- Work to be completed: Please work out how many lines in the data below hold the word "shows", and state only the number.

▬▬▬▬▬▬

lemma op_bounded_by_mono:
  assumes "op_bounded_by M nrm S \<eta>" and "AE \<omega> in M. \<eta> \<omega> \<le> \<eta>' \<omega>"
  shows "op_bounded_by M nrm S \<eta>'"
  unfolding op_bounded_by_def
proof
  fix x
  show "AE \<omega> in M. nrm (S x) \<omega> \<le> \<eta>' \<omega> * nrm x \<omega>"
    using assms(1)[unfolded op_bounded_by_def, rule_format, of x] assms(2) nrm_nonneg[of x]
  proof eventually_elim
    case (elim \<omega>)
    then have "\<eta> \<omega> * nrm x \<omega> \<le> \<eta>' \<omega> * nrm x \<omega>"
      by (intro mult_right_mono) auto
    with elim show ?case
      by linarith
  qed
qed

lemma op_bounded_by_comp:
  assumes "op_bounded_by M nrm S \<eta>" and "op_bounded_by M nrm S' \<eta>'"
    and "AE \<omega> in M. 0 \<le> \<eta> \<omega>"
  shows "op_bounded_by M nrm (S \<circ> S') (\<lambda>\<omega>. \<eta> \<omega> * \<eta>' \<omega>)"
  unfolding op_bounded_by_def
proof
  fix x
  show "AE \<omega> in M. nrm ((S \<circ> S') x) \<omega> \<le> \<eta> \<omega> * \<eta>' \<omega> * nrm x \<omega>"
    using assms(3) assms(1)[unfolded op_bounded_by_def, rule_format, of "S' x"]
      assms(2)[unfolded op_bounded_by_def, rule_format, of x]
  proof eventually_elim
    case (elim \<omega>)
    then have "\<eta> \<omega> * nrm (S' x) \<omega> \<le> \<eta> \<omega> * (\<eta>' \<omega> * nrm x \<omega>)"
      by (intro mult_left_mono) auto
    with elim show ?case
      by (simp add: mult.assoc)
  qed
qed

end

locale rn_semigroup = rn_module M sm nrm
  for M :: "'w measure"
    and sm :: "('w \<Rightarrow> 'k::real_normed_field) \<Rightarrow> 'a::ab_group_add \<Rightarrow> 'a"
    and nrm :: "'a \<Rightarrow> 'w \<Rightarrow> real" +
  fixes T :: "real \<Rightarrow> 'a \<Rightarrow> 'a"
  assumes C0_semigroup: "C0_semigroup M sm nrm T"
begin

lemma bounded_op: "0 \<le> t \<Longrightarrow> bounded_op M sm nrm (T t)"
  using C0_semigroup unfolding C0_semigroup_def by blast

lemma T_0: "T 0 = id"
  using C0_semigroup unfolding C0_semigroup_def by blast

lemma T_add:
  assumes "0 \<le> s" and "0 \<le> t"
  shows "T s (T t x) = T (s + t) x"
proof -
  have "T s \<circ> T t = T (s + t)"
    using C0_semigroup assms unfolding C0_semigroup_def by blast
  then show ?thesis
    by (metis comp_apply)
qed

lemma T_diff:
  assumes "0 \<le> t"
  shows "T t (x - y) = T t x - T t y"
proof -
  have "T t (x - y + y) = T t (x - y) + T t y"
    using bounded_op[OF assms] unfolding bounded_op_def by blast
  then show ?thesis
    by (simp add: eq_diff_eq)
qed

▬▬▬▬▬▬

- Answer below: 4